The Complexity of Payer Policy Changes
By Kacie Geretz, RHIA, CPMA, CPC, CCA
For The Record
Vol. 35 No. 4 P. 26

How to Proactively Manage Them, Improve Compliance, and Prevent Denials

Rising health care costs, advancements in medical technology and treatments, and new legislation and regulation are driving payers to frequently update their policies concerning reimbursement rates, coverage criteria, billing and coding policies, and prior authorization requirements. Payers, however, are not required to adhere to a single set of guidelines when updating their policies. As a result, each payer has a unique set of processes and policies to support coverage decisions and explain reimbursement for health care services provided to patients.
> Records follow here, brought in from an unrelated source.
lemma integral_gnl_exponent_diff_tendsto:
  assumes "\<alpha> \<le> a" "v \<in> Lsp p \<Omega>"
  shows "((\<lambda>\<beta>. \<integral>x. norm (gnl \<beta> (v x) - gnl \<alpha> (v x)) powr 2 \<partial>M) \<longlongrightarrow> 0) (at \<alpha> within {..a})"
  unfolding tendsto_at_iff_sequentially comp_def
proof (intro allI impI)
  have [measurable]: "v \<in> borel_measurable M" using assms by (simp add: Lsp_iff)
  fix X :: "nat \<Rightarrow> real" assume X: "\<forall>i. X i \<in> {..a} - {\<alpha>}" "X \<longlonglongrightarrow> \<alpha>"
  have "(\<lambda>i. \<integral>x. norm (gnl (X i) (v x) - gnl \<alpha> (v x)) powr 2 \<partial>M) \<longlonglongrightarrow> (\<integral>x. 0 \<partial>M)"
  proof (rule integral_dominated_convergence[where w = "\<lambda>x. 4 * (1 + norm (v x) powr p)"])
    show "integrable M (\<lambda>x. 4 * (1 + norm (v x) powr p))"
      using assms(2) by (simp add: Lsp_iff)
    show "AE x in M. (\<lambda>i. norm (gnl (X i) (v x) - gnl \<alpha> (v x)) powr 2) \<longlonglongrightarrow> 0"
      using gnl_tendsto_exponent[OF X(2)] by (intro AE_I2 tendsto_eq_intros) auto
    show "AE x in M. norm (norm (gnl (X i) (v x) - gnl \<alpha> (v x)) powr 2) \<le> 4 * (1 + norm (v x) powr p)" for i
      using norm_gnl_exponent_diff_le[OF _ assms(1)] X(1) by (intro AE_I2) auto
  qed measurable
  then show "(\<lambda>i. \<integral>x. norm (gnl (X i) (v x) - gnl \<alpha> (v x)) powr 2 \<partial>M) \<longlonglongrightarrow> 0" by simp
qed

lemma Gop_continuous:
  assumes "\<alpha> \<le> a" "v \<in> Lsp p \<Omega>" "\<epsilon> > 0"
  shows "\<exists>\<delta>>0. \<forall>\<beta>\<le>a. \<forall>w\<in>Lsp p \<Omega>. \<bar>\<beta> - \<alpha>\<bar> < \<delta> \<and> Lnorm p \<Omega> (\<lambda>x. w x - v x) < \<delta> \<longrightarrow>
      Lnorm 2 \<Omega> (\<lambda>x. Gop \<beta> w x - Gop \<alpha> v x) < \<epsilon>"
proof -
  have [measurable]: "v \<in> borel_measurable M" using assms by (simp add: Lsp_iff)
  obtain K where "K \<ge> 0"
    and int_w: "\<And>\<beta> w. \<beta> \<le> a \<Longrightarrow> w \<in> Lsp p \<Omega> \<Longrightarrow>
      integrable M (\<lambda>x. norm (Gop \<beta> w x - Gop \<beta> v x) powr 2)"
    and le_w: "\<And>\<beta> w. \<beta> \<le> a \<Longrightarrow> w \<in> Lsp p \<Omega> \<Longrightarrow> Lnorm p \<Omega> (\<lambda>x. w x - v x) \<le> 1 \<Longrightarrow>
      (\<integral>x. norm (Gop \<beta> w x - Gop \<beta> v x) powr 2 \<partial>M) \<le> K * Lnorm p \<Omega> (\<lambda>x. w x - v x)"
    using integral_Gop_diff_sq_le[OF assms(2)] by blast
  define E where "E = (\<lambda>\<beta>. \<integral>x. norm (gnl \<beta> (v x) - gnl \<alpha> (v x)) powr 2 \<partial>M)"
  have "\<forall>\<^sub>F \<beta> in at \<alpha> within {..a}. E \<beta> < \<epsilon>^2 / 4"
    using order_tendstoD(2)[OF integral_gnl_exponent_diff_tendsto[OF assms(1,2)], of "\<epsilon>^2 / 4"] \<open>\<epsilon> > 0\<close>
    unfolding E_def by simp
  then obtain \<delta>1 where "\<delta>1 > 0"
    and near_\<alpha>: "\<And>\<beta>. \<beta> \<in> {..a} \<Longrightarrow> \<beta> \<noteq> \<alpha> \<Longrightarrow> dist \<beta> \<alpha> < \<delta>1 \<Longrightarrow> E \<beta> < \<epsilon>^2 / 4"
    unfolding eventually_at by blast
  have \<delta>1: "E \<beta> < \<epsilon>^2 / 4" if "\<beta> \<le> a" "\<bar>\<beta> - \<alpha>\<bar> < \<delta>1" for \<beta>
    using near_\<alpha>[of \<beta>] that \<open>\<epsilon> > 0\<close> by (cases "\<beta> = \<alpha>") (auto simp: E_def dist_real_def)
  define \<delta> where "\<delta> = min \<delta>1 (min 1 (\<epsilon>^2 / (4 * K + 1)))"
  show ?thesis
  proof (intro exI[of _ \<delta>] conjI allI impI ballI)
    show "\<delta> > 0" using \<open>\<delta>1 > 0\<close> \<open>\<epsilon> > 0\<close> \<open>K \<ge> 0\<close> by (simp add: \<delta>_def)
    fix \<beta> w assume "\<beta> \<le> a" "w \<in> Lsp p \<Omega>" and close: "\<bar>\<beta> - \<alpha>\<bar> < \<delta> \<and> Lnorm p \<Omega> (\<lambda>x. w x - v x) < \<delta>"
    define N where "N = Lnorm p \<Omega> (\<lambda>x. w x - v x)"
    have "N \<le> 1" "N < \<epsilon>^2 / (4 * K + 1)" "E \<beta> < \<epsilon>^2 / 4"
      using close \<delta>1[OF \<open>\<beta> \<le> a\<close>] by (simp_all add: N_def \<delta>_def)
    have int_E: "integrable M (\<lambda>x. norm (gnl \<beta> (v x) - gnl \<alpha> (v x)) powr 2)"
      using norm_gnl_exponent_diff_le[OF \<open>\<beta> \<le> a\<close> assms(1)]
      by (intro integrable_of_le_one_plus_Lsp[OF assms(2), where C = 4]) auto
    have "norm (Gop \<beta> w x - Gop \<alpha> v x) powr 2
        \<le> 2 * (norm (Gop \<beta> w x - Gop \<beta> v x) powr 2 + norm (gnl \<beta> (v x) - gnl \<alpha> (v x)) powr 2)" for x
      using norm_add_powr_two_le[of "Gop \<beta> w x - Gop \<beta> v x" "gnl \<beta> (v x) - gnl \<alpha> (v x)"]
      by (simp add: Gop_def)
    then have "(\<integral>x. norm (Gop \<beta> w x - Gop \<alpha> v x) powr 2 \<partial>M)
        \<le> (\<integral>x. 2 * (norm (Gop \<beta> w x - Gop \<beta> v x) powr 2 + norm (gnl \<beta> (v x) - gnl \<alpha> (v x)) powr 2) \<partial>M)"
      using int_w[OF \<open>\<beta> \<le> a\<close> \<open>w \<in> Lsp p \<Omega>\<close>] int_E by (intro integral_mono') auto
    also have "\<dots> = 2 * (\<integral>x. norm (Gop \<beta> w x - Gop \<beta> v x) powr 2 \<partial>M) + 2 * E \<beta>"
      using int_w[OF \<open>\<beta> \<le> a\<close> \<open>w \<in> Lsp p \<Omega>\<close>] int_E by (simp add: E_def)
    also have "\<dots> < 2 * (K * (\<epsilon>^2 / (4 * K + 1))) + 2 * (\<epsilon>^2 / 4)"
    proof (rule add_le_less_mono)
      have "(\<integral>x. norm (Gop \<beta> w x - Gop \<beta> v x) powr 2 \<partial>M) \<le> K * N"
        using le_w[OF \<open>\<beta> \<le> a\<close> \<open>w \<in> Lsp p \<Omega>\<close>] \<open>N \<le> 1\<close> by (simp add: N_def)
      also have "\<dots> \<le> K * (\<epsilon>^2 / (4 * K + 1))"
        using \<open>N < \<epsilon>^2 / (4 * K + 1)\<close> \<open>K \<ge> 0\<close> by (intro mult_left_mono) auto
      finally show "2 * (\<integral>x. norm (Gop \<beta> w x - Gop \<beta> v x) powr 2 \<partial>M) \<le> 2 * (K * (\<epsilon>^2 / (4 * K + 1)))"
        by simp
    qed (use \<open>E \<beta> < \<epsilon>^2 / 4\<close> in simp)
    also have "\<dots> \<le> \<epsilon>^2"
      using \<open>K \<ge> 0\<close> by (simp add: field_simps)
    finally have "Lnorm 2 \<Omega> (\<lambda>x. Gop \<beta> w x - Gop \<alpha> v x) < (\<epsilon>^2) powr (1 / 2)"
      by (intro Lnorm_less_of_integral_less) auto
    then show "Lnorm 2 \<Omega> (\<lambda>x. Gop \<beta> w x - Gop \<alpha> v x) < \<epsilon>"
      using \<open>\<epsilon> > 0\<close> by (simp add: powr_half_sqrt)
  qed
qed

end

theorem propositionA1:
  fixes \<Omega> :: "('n::euclidean_space) set" and a p :: real
  assumes "open \<Omega>" and "bounded \<Omega>" and "a > 0" and "p = 2 * (a + 1)"
  shows "(\<forall>\<alpha>\<le>a. \<forall>v\<in>Lsp p \<Omega>. Gop \<alpha> v \<in> Lsp 2 \<Omega>)
    \<and> (\<forall>\<alpha>\<le>a. \<forall>v\<in>Lsp p \<Omega>. \<forall>\<epsilon>>0. \<exists>\<delta>>0. \<forall>\<beta>\<le>a. \<forall>w\<in>Lsp p \<Omega>.
          \<bar>\<beta> - \<alpha>\<bar> < \<delta> \<and> Lnorm p \<Omega> (\<lambda>x. w x - v x) < \<delta> \<longrightarrow>
          Lnorm 2 \<Omega> (\<lambda>x. Gop \<beta> w x - Gop \<alpha> v x) < \<epsilon>)
    \<and> (\<forall>\<alpha>\<le>a. \<forall>v\<in>Lsp p \<Omega>. \<exists>T. has_Frechet_deriv_Lpq p 2 \<Omega> (Gop \<alpha>) v T)
    \<and> (\<forall>\<alpha><a. \<forall>v\<in>Lsp p \<Omega>. has_Frechet_deriv_Lpq p 2 \<Omega> (Gop \<alpha>) v (Lop \<alpha> v))"
proof -
  interpret nemytskii \<Omega> a p
    using assms by unfold_locales (auto intro: lmeasurable_open)
  show ?thesis
    using Gop_Lsp_2 Gop_continuous Gop_has_Frechet_deriv by (meson less_imp_le)
qed

end
lemma stat_points_eq_image:
  "S = ray_point ` {p \<in> {0<..<1}. poly equilibrium_poly p = 0}"
proof (intro equalityI subsetI)
  fix w assume "w \<in> S"
  then obtain u v where w: "w = (u, v)" and u: "u > 0" and v: "v > 0"
    by (auto simp: stat_points_def)
  define s p where "s = u + v" and "p = u / (u + v)"
  have uv: "u = p * s" "v = (1 - p) * s" and s: "s > 0"
    using u v by (simp_all add: s_def p_def field_simps)
  have p: "0 < p" "p < 1" using u v by (simp_all add: p_def field_simps)
  have "s = radius p \<and> poly equilibrium_poly p = 0"
    using \<open>w \<in> S\<close> ray_point_stationary_iff[OF p s] by (simp add: w uv)
  then show "w \<in> ray_point ` {p \<in> {0<..<1}. poly equilibrium_poly p = 0}"
    using p by (auto simp: w uv ray_point_def)
next
  fix w assume "w \<in> ray_point ` {p \<in> {0<..<1}. poly equilibrium_poly p = 0}"
  then obtain p where p: "0 < p" "p < 1" and K: "poly equilibrium_poly p = 0"
    and w: "w = ray_point p" by auto
  show "w \<in> S"
    using ray_point_stationary_iff[OF p radius_pos[OF p]] K by (simp add: w ray_point_def)
qed

lemma inj_on_ray_point: "inj_on ray_point {0<..<1}"
proof (rule inj_onI)
  fix p q :: real assume p: "p \<in> {0<..<1}" and "q \<in> {0<..<1}" and eq: "ray_point p = ray_point q"
  then have "p * radius p = q * radius q" "(1 - p) * radius p = (1 - q) * radius q"
    by (simp_all add: ray_point_def)
  then have "radius p = radius q" by (simp add: algebra_simps)
  with \<open>p * radius p = q * radius q\<close> radius_pos p show "p = q" by force
qed

lemma degree_cross_poly: "degree cross_poly \<le> 1"
  unfolding cross_poly_def cx_poly_def cy_poly_def
  by (intro degree_diff_le order.trans[OF degree_smult_le] degree_linear_le)

lemma degree_crowding_poly: "degree crowding_poly \<le> 2"
proof -
  have "degree (cy_poly * [:1, -1:]) \<le> 2" "degree (cx_poly * [:0, 1:]) \<le> 2"
    using degree_mult_le[of cy_poly "[:1, -1:]"] degree_mult_le[of cx_poly "[:0, 1:]"]
    by (simp_all add: cx_poly_def cy_poly_def)
  then show ?thesis unfolding crowding_poly_def by (rule degree_add_le)
qed

lemma degree_equilibrium_poly: "degree equilibrium_poly \<le> 3"
proof -
  have "degree (smult \<mu> cross_poly + smult a crowding_poly) \<le> 2"
    using degree_cross_poly degree_crowding_poly
    by (intro degree_add_le order.trans[OF degree_smult_le]) auto
  moreover have "degree growth_poly \<le> 1"
    unfolding growth_poly_def by (rule degree_linear_le)
  ultimately have "degree ((smult \<mu> cross_poly + smult a crowding_poly) * growth_poly) \<le> 3"
    using degree_mult_le[of "smult \<mu> cross_poly + smult a crowding_poly" growth_poly] by linarith
  moreover have "degree (smult \<beta> (cross_poly * crowding_poly)) \<le> 3"
    using degree_mult_le[of cross_poly crowding_poly] degree_cross_poly degree_crowding_poly
    by simp
  ultimately show ?thesis unfolding equilibrium_poly_def by (rule degree_add_le)
qed

lemma equilibrium_poly_if_\<beta>_0:
  assumes "\<beta> = 0"
  shows "equilibrium_poly = (smult \<mu> cross_poly + smult a crowding_poly) * growth_poly"
  unfolding equilibrium_poly_def using assms by simp

lemma equilibrium_poly_if_\<mu>_0:
  assumes "\<mu> = 0"
  shows "equilibrium_poly = (smult a growth_poly + smult \<beta> cross_poly) * crowding_poly"
  unfolding equilibrium_poly_def using assms by (simp add: algebra_simps)

lemma finite_card_stat_points_le:
  assumes "equilibrium_poly = q * r" "q \<noteq> 0" "\<forall>p\<in>{0<..<1}. poly r p \<noteq> 0"
  shows "finite S" "card S \<le> degree q"
proof -
  have "S = ray_point ` {p \<in> {0<..<1}. poly q p = 0}"
    unfolding stat_points_eq_image assms(1) roots_in_mult_right_eq[OF assms(3)] ..
  then show "finite S" "card S \<le> degree q"
    using card_image_roots_in_le[OF \<open>q \<noteq> 0\<close>, of ray_point "{0<..<1}"] by simp_all
qed

lemma stat_points_infinite_or_card_le:
  "infinite S \<or>
   (finite S \<and>
    card S \<le> 3 \<and>
    (\<beta> = 0 \<longrightarrow> card S \<le> 2) \<and>
    (\<mu> = 0 \<longrightarrow> card S \<le> 1))"
proof (cases "equilibrium_poly = 0")
  case True
  then have "{p \<in> {0<..<1}. poly equilibrium_poly p = 0} = {0<..<1}" by auto
  then have "S = ray_point ` {0<..<1}"
    by (simp add: stat_points_eq_image)
  then have "infinite S"
    using finite_imageD[OF _ inj_on_ray_point] infinite_Ioo[of "0::real" 1] by auto
  then show ?thesis ..
next
  case False
  have "finite S" "card S \<le> 3"
    using finite_card_stat_points_le[of _ 1] False degree_equilibrium_poly by auto
  moreover have "card S \<le> 2" if "\<beta> = 0"
  proof -
    let ?q = "smult \<mu> cross_poly + smult a crowding_poly"
    have "?q \<noteq> 0" "degree ?q \<le> 2"
      using False equilibrium_poly_if_\<beta>_0[OF that(1)] degree_cross_poly degree_crowding_poly
      by (auto intro!: degree_add_le order.trans[OF degree_smult_le])
    then show ?thesis
      using finite_card_stat_points_le(2)[OF equilibrium_poly_if_\<beta>_0[OF that(1)]]
        poly_growth_pos by fastforce
  qed
  moreover have "card S \<le> 1" if "\<mu> = 0"
  proof -
    let ?q = "smult a growth_poly + smult \<beta> cross_poly"
    have "?q \<noteq> 0" "degree ?q \<le> 1"
      using False equilibrium_poly_if_\<mu>_0[OF that] degree_cross_poly
      by (auto intro!: degree_add_le order.trans[OF degree_smult_le] simp: growth_poly_def)
    then show ?thesis
      using finite_card_stat_points_le(2)[OF equilibrium_poly_if_\<mu>_0[OF that]]
        poly_crowding_pos by fastforce
  qed
  ultimately show ?thesis by blast
qed

end

theorem mainTheorem7:
  fixes rx ry cxx cxy cyx cyy a \<beta> \<mu> :: real
  assumes "rx > 0" "ry > 0"
    and "cxx > 0" "cxy > 0" "cyx > 0" "cyy > 0"
    and "\<beta> \<ge> 0" "\<mu> \<ge> 0" "\<beta> + \<mu> > 0"
  defines "S \<equiv> stat_points rx ry cxx cxy cyx cyy a \<beta> \<mu>"
  shows "infinite S \<or>
         (finite S \<and>
          (\<beta> \<noteq> 0 \<and> \<mu> \<noteq> 0 \<longrightarrow> card S \<le> 3) \<and>
          (\<beta> = 0 \<and> \<mu> = 1 \<longrightarrow> card S \<le> 2) \<and>
          (\<beta> = 1 \<and> \<mu> = 0 \<longrightarrow> card S \<le> 1))"
proof -
  interpret two_species rx ry cxx cxy cyx cyy a \<beta> \<mu>
    using assms(1-9) by unfold_locales
  show ?thesis
    using stat_points_infinite_or_card_le unfolding S_def by blast
qed

end
lemma mc_numerator_compose:
  fixes f :: "real \<times> real \<Rightarrow> real \<times> real \<times> real" and G :: "real \<times> real \<Rightarrow> real \<times> real"
  assumes U: "open U" and W: "open W" and f: "Ck_on 2 U f" and G: "Ck_on 2 W G"
    and GW: "G ` W \<subseteq> U" and s: "s \<in> W"
  shows "mc_numerator (\<lambda>x. f (G x)) s = det2 (pd1 G s) (pd2 G s) ^ 3 * mc_numerator f (G s)"
proof -
  have "pd1 (\<lambda>x. f (G x)) s = fst (pd1 G s) *\<^sub>R pd1 f (G s) + snd (pd1 G s) *\<^sub>R pd2 f (G s)"
    "pd2 (\<lambda>x. f (G x)) s = fst (pd2 G s) *\<^sub>R pd1 f (G s) + snd (pd2 G s) *\<^sub>R pd2 f (G s)"
    using has_partials_pd[OF has_partials_compose[OF Ck_on_imp_has_partials[OF W Ck_on_2D(1)[OF G] s]
        Ck_on_imp_has_partials[OF U Ck_on_2D(1)[OF f]]]] s GW by auto
  moreover have "det2 (pd1 G s) (pd2 G s) = det2 (fst (pd1 G s), snd (pd1 G s)) (fst (pd2 G s), snd (pd2 G s))"
    by simp
  ultimately show ?thesis
    unfolding mc_numerator_def second_partials_compose[OF assms] by (simp only: mc_form_lincomb)
qed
What’s more, payers don’t publish these policy changes using any standard formats, forums, or timelines.1 For health care providers, it’s therefore incredibly challenging to stay up to date with the growing number of policy changes, adding to the high level of administrative complexity already faced by hospitals, health systems, and physician offices daily.2

Methods providers have traditionally used to keep up with payer policy changes are lacking, and those that exist largely rely on manual systems and retroactive processes. Often inefficient, time-consuming, and unreliable, the existing approach leaves providers unable to effectively and proactively manage and implement new payer policy changes, especially those related to billing and coding guidelines or coverage criteria. This puts provider organizations at risk of compliance issues, denials, and lost revenue down the line.

To meaningfully improve the effectiveness of payer policy management and proactively reduce the risk of denials and underpayments, providers are turning to technology that enables automation and provides them with the flexibility to proactively implement payer policy changes when and where needed in the revenue cycle.

An Ever-Evolving Health Care Landscape
The rising cost of health care has been a long-standing challenge for payers. Inflation, increased pharmaceutical prices, and health care labor shortages have increased the cost of health care and are expected to continue to do so in 2024.3 As a result, payers must consistently assess their policies to strike a balance between coverage and affordability for their members. This could involve adjusting copayments, deductibles, and reimbursement rates, all with the aim of effectively managing costs while ensuring adequate coverage.

Advancements in medical technology and treatments (eg, medications and procedures) also result in changes to payer policies. Payers must evaluate the cost-effectiveness and clinical efficacy of new treatments to determine how to cover and reimburse these innovations appropriately. This typically results in policy changes to reimbursement rates and coverage as well as to medical necessity guidelines that directly affect coding and billing.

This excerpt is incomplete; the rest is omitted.